Liputan6.com, Jakarta - Abah Setu alias K.H. Ir. Asep Setiawan menyampaikan permohonan maaf setelah pernyataannya yang beredar di media sosial menuai kecaman. Polemik tersebut bahkan membuat sejumlah warga mendatangi Majelis Dzikir Nurul Hikam, Desa Telajung, Cikarang Barat, Kabupaten Bekasi.
Permintaan maaf itu disampaikan Asep saat dipertemukan dengan unsur MUI Kabupaten Bekasi, tokoh agama, tokoh masyarakat, serta perwakilan organisasi kemasyarakatan di Mapolres Metro Bekasi, Kamis (10/9/2026).
Advertisement
Kabid Humas Polda Metro Jaya Kombes Pol Budi Hermanto mengatakan, pihaknya masih mendalami pernyataan Asep yang videonya beredar luas di media sosial.
“Dalam forum tersebut, Asep Setiawan menyampaikan permohonan maaf atas pernyataannya yang menimbulkan keberatan di tengah masyarakat. Sementara itu, informasi dan keterangan yang telah diperoleh masih dalam pendalaman oleh pihak kepolisian,” kata Budi dalam keterangannya, Kamis (10/9/2026).

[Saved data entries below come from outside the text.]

lemma eventually_chi_close_mix:
  assumes s: "feasible D (p, q, v, F, chi)" and s': "feasible D (p', q', v', F', chi')"
    and m: "m \<in> {1..nU D - 1}" and e: "0 < e"
  shows "\<forall>\<^sub>F l in at_right 0. \<forall>t\<in>{0..Thor D}.
    \<bar>chi m t - chi_of D (\<lambda>n t. (1 - l) * q n t + l * q' n t) m t\<bar> < e"
proof -
  have qc: "continuous_on {0..Thor D} (q k)" "continuous_on {0..Thor D} (q' k)" if "k \<in> {1..nU D}" for k
    using s s' that unfolding feasible_iff by (blast intro: uav_feasible_continuous(2))+
  have "m \<in> {1..nU D}" "m + 1 \<in> {1..nU D}"
    using m by auto
  then have "continuous_on ({0..1} \<times> {0..Thor D})
      (\<lambda>z. chi_of D (\<lambda>n t. (1 - fst z) * q n t + fst z * q' n t) m (snd z))"
    unfolding chi_of_eq using qc by (intro continuous_intros continuous_on_comp_snd) auto
  from eventually_at_right_0_uniformly_close[OF this compact_Icc e]
  have "\<forall>\<^sub>F l in at_right 0. \<forall>t\<in>{0..Thor D}.
      \<bar>chi_of D (\<lambda>n t. (1 - l) * q n t + l * q' n t) m t - chi m t\<bar> < e"
    using s m unfolding feasible_iff by simp
  then show ?thesis
    by eventually_elim (simp add: abs_minus_commute)
qed

lemma eventually_close_mix_sol:
  assumes s: "feasible D s" and s': "feasible D s'" and e: "0 < e"
  shows "\<forall>\<^sub>F l in at_right 0. close D e s (mix_sol D l s s')"
proof -
  obtain p q v F chi where s_eq: "s = (p, q, v, F, chi)"
    by (cases s)
  obtain p' q' v' F' chi' where s'_eq: "s' = (p', q', v', F', chi')"
    by (cases s')
  have "\<forall>\<^sub>F l in at_right 0. \<forall>n\<in>{1..nU D}. \<forall>t\<in>{0..Thor D}. \<bar>p n t - ((1 - l) * p n t + l * p' n t)\<bar> < e \<and>
      \<bar>q n t - ((1 - l) * q n t + l * q' n t)\<bar> < e \<and> \<bar>v n t - ((1 - l) * v n t + l * v' n t)\<bar> < e \<and>
      \<bar>F n t - mix_thrust D l (v n) (F n) (v' n) (F' n) t\<bar> < e"
    using s s' unfolding s_eq s'_eq feasible_iff
    by (intro eventually_ball_finite ballI eventually_uav_close_mix[OF _ _ _ e]) auto
  moreover have "\<forall>\<^sub>F l in at_right 0. \<forall>m\<in>{1..nU D - 1}. \<forall>t\<in>{0..Thor D}.
      \<bar>chi m t - chi_of D (\<lambda>n t. (1 - l) * q n t + l * q' n t) m t\<bar> < e"
    using s s' unfolding s_eq s'_eq
    by (intro eventually_ball_finite ballI eventually_chi_close_mix[OF _ _ _ e]) auto
  ultimately show ?thesis
    by eventually_elim (auto simp: s_eq s'_eq close_def mix_sol_def)
qed

lemma local_opt_eventually_le_mix_sol:
  assumes opt: "local_opt D s" and s': "feasible D s'"
  shows "\<forall>\<^sub>F l in at_right 0. objective D s \<le> objective D (mix_sol D l s s')"
proof -
  obtain e where "0 < e" and s: "feasible D s"
    and le: "\<And>s''. feasible D s'' \<Longrightarrow> close D e s s'' \<Longrightarrow> objective D s \<le> objective D s''"
    using opt unfolding local_opt_def by blast
  show ?thesis
    using eventually_close_mix_sol[OF s s' \<open>0 < e\<close>] eventually_at_right_real[OF zero_less_one]
    by eventually_elim (simp add: le feasible_mix_sol[OF s s'])
qed

end

theorem theorem2:
  fixes D :: uav_data and s :: uav_sol
  assumes "nU D \<ge> 2" and "Thor D > 0"
    and "\<forall>m\<in>{1..nU D - 1}. Bw D (m + 1) > 0 \<and> Gain D m > 0"
    and "sigma2 D > 0" and "alpha D > 1" and "rbar D > 0"
    and "\<forall>n\<in>{1..nU D}. mass D n > 0 \<and> 0 < Vlo D n \<and> Vlo D n \<le> Vhi D n \<and> Ups D n \<in> {-1, 1}"
    and "convex_on {0<..} (Omega D)"
    and "\<forall>n\<in>{1..nU D}. convex_on {Vlo D n..Vhi D n} (\<lambda>x. x * Omega D x)"
    and "local_opt D s"
  shows "global_opt D s"
proof -
  interpret uav_chain D
    using assms(2-9) by unfold_locales (auto intro: less_imp_le)
  have s: "feasible D s"
    using assms(10) unfolding local_opt_def by blast
  have "objective D s \<le> objective D s'" if s': "feasible D s'" for s'
    using local_opt_eventually_le_mix_sol[OF assms(10) s'] objective_mix_sol_le[OF s s']
    by (rule le_of_eventually_le_convex_comb) auto
  with s show ?thesis
    unfolding global_opt_def by blast
qed

end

Polemik mencuat setelah video ceramah yang diduga memuat penghinaan terhadap Nabi Muhammad SAW beredar di media sosial.
Dalam rekaman itu, sosok yang disebut Abah Setu menyinggung Nabi Muhammad SAW dan menyebut pengikutnya terjebak syariat.
Tak hanya ramai di media sosial. Sejumlah warga kemudian mendatangi Majelis Dzikir Nurul Hikam di Desa Telajung, Cikarang Barat, Senin, 7 September 2026 malam.
Warga Diarahkan Lapor
Polisi yang berada di lokasi meminta warga tidak main hakim sendiri. Warga diarahkan melaporkan dugaan tindak pidana tersebut kepada kepolisian.

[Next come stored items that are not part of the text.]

(* Let $X_1,X_2,X_3$ be Polish spaces and let $\mu_{12},\mu_{13},\mu_{23}$ be a consistent family of probability measures on $X_i\times X_j$, with common one-dimensional marginals $\mu_1,\mu_2,\mu_3$. If $\mu_{ij}\ge\frac23\,\mu_i\otimes\mu_j$ (as measures) for all $1\le i<j\le3$, then $\Pi(\mu_{12},\mu_{13},\mu_{23})$ is nonempty.
   Context: Consistency: any two of $\mu_{12},\mu_{13},\mu_{23}$ have the same marginal on their common coordinate; $\mu_i$ denotes this common marginal on $X_i$. $\Pi(\mu_{12},\mu_{13},\mu_{23})$ is the set of probability measures on $X_1\times X_2\times X_3$ whose projection onto $X_i\times X_j$ is $\mu_{ij}$ for all $i<j$. *)

theory Defs
  imports "HOL-Probability.Probability"
begin

end

theory Submission
  imports Defs
begin

text \<open>
  By hypothesis \<open>\<lambda>\<^sub>i\<^sub>j = \<mu>\<^sub>i\<^sub>j - (2/3) \<mu>\<^sub>i \<otimes> \<mu>\<^sub>j\<close> is a nonnegative measure, and its
  marginals are \<open>(1/3) \<mu>\<^sub>i\<close> and \<open>(1/3) \<mu>\<^sub>j\<close>. Take
  \<open>\<nu> = \<lambda>\<^sub>1\<^sub>2 \<otimes> \<mu>\<^sub>3 + \<lambda>\<^sub>1\<^sub>3 \<otimes> \<mu>\<^sub>2 + \<lambda>\<^sub>2\<^sub>3 \<otimes> \<mu>\<^sub>1\<close>, each term with its coordinates
  rearranged into \<open>X\<^sub>1 \<times> X\<^sub>2 \<times> X\<^sub>3\<close>. Its \<open>(1,2)\<close>-marginal is
  \<open>\<lambda>\<^sub>1\<^sub>2 + (1/3) \<mu>\<^sub>1 \<otimes> \<mu>\<^sub>2 + \<mu>\<^sub>1 \<otimes> (1/3) \<mu>\<^sub>2 = \<mu>\<^sub>1\<^sub>2\<close>, and likewise for the
  other two pairs; in particular \<open>\<nu>\<close> has mass one.
\<close>

definition add_measure :: "'a measure \<Rightarrow> 'a measure \<Rightarrow> 'a measure" where
  "add_measure M N = measure_of (space M) (sets M) (\<lambda>A. emeasure M A + emeasure N A)"

lemma
  shows space_add_measure [simp]: "space (add_measure M N) = space M"
    and sets_add_measure [simp]: "sets (add_measure M N) = sets M"
  by (auto simp: add_measure_def)

lemma emeasure_add_measure:
  assumes sets_eq: "sets N = sets M" and A: "A \<in> sets M"
  shows "emeasure (add_measure M N) A = emeasure M A + emeasure N A"
  unfolding add_measure_def
proof (rule emeasure_measure_of_sigma)
  show "sigma_algebra (space M) (sets M)" ..
  show "positive (sets M) (\<lambda>A. emeasure M A + emeasure N A)"
    by (simp add: positive_def sets_eq)
  show "countably_additive (sets M) (\<lambda>A. emeasure M A + emeasure N A)"
  proof (rule countably_additiveI)
    fix A :: "nat \<Rightarrow> _" assume "range A \<subseteq> sets M" "disjoint_family A"
    then show "(\<Sum>i. emeasure M (A i) + emeasure N (A i)) =
        emeasure M (\<Union>i. A i) + emeasure N (\<Union>i. A i)"
      using sets_eq by (simp add: suminf_add[symmetric] suminf_emeasure)
  qed
qed fact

Massa akhirnya membubarkan diri pada Selasa, 8 September dini hari. Situasi di lokasi dilaporkan aman dan kondusif.
Polisi kemudian meminta keterangan Asep. Saat itu, Asep menyatakan video yang beredar merupakan potongan rekaman. Ia juga menduga sebagian isi video telah diubah menggunakan teknologi kecerdasan buatan atau AI.
Meski begitu, polemik belum langsung berakhir. Polisi tetap menggali keterangan dari berbagai pihak sebelum menentukan perkembangan penanganan perkara tersebut.
Budi mengatakan pihaknya memahami keresahan yang muncul di tengah masyarakat. Namun, dia meminta warga tetap tenang dan tidak menyebarkan informasi yang belum dipastikan kebenarannya.
“Kepolisian selanjutnya tetap mendalami peristiwa tersebut, memantau dan berkomunikasi dengan para pihak guna menjaga situasi kamtibmas tetap aman dan kondusif,” ujarnya.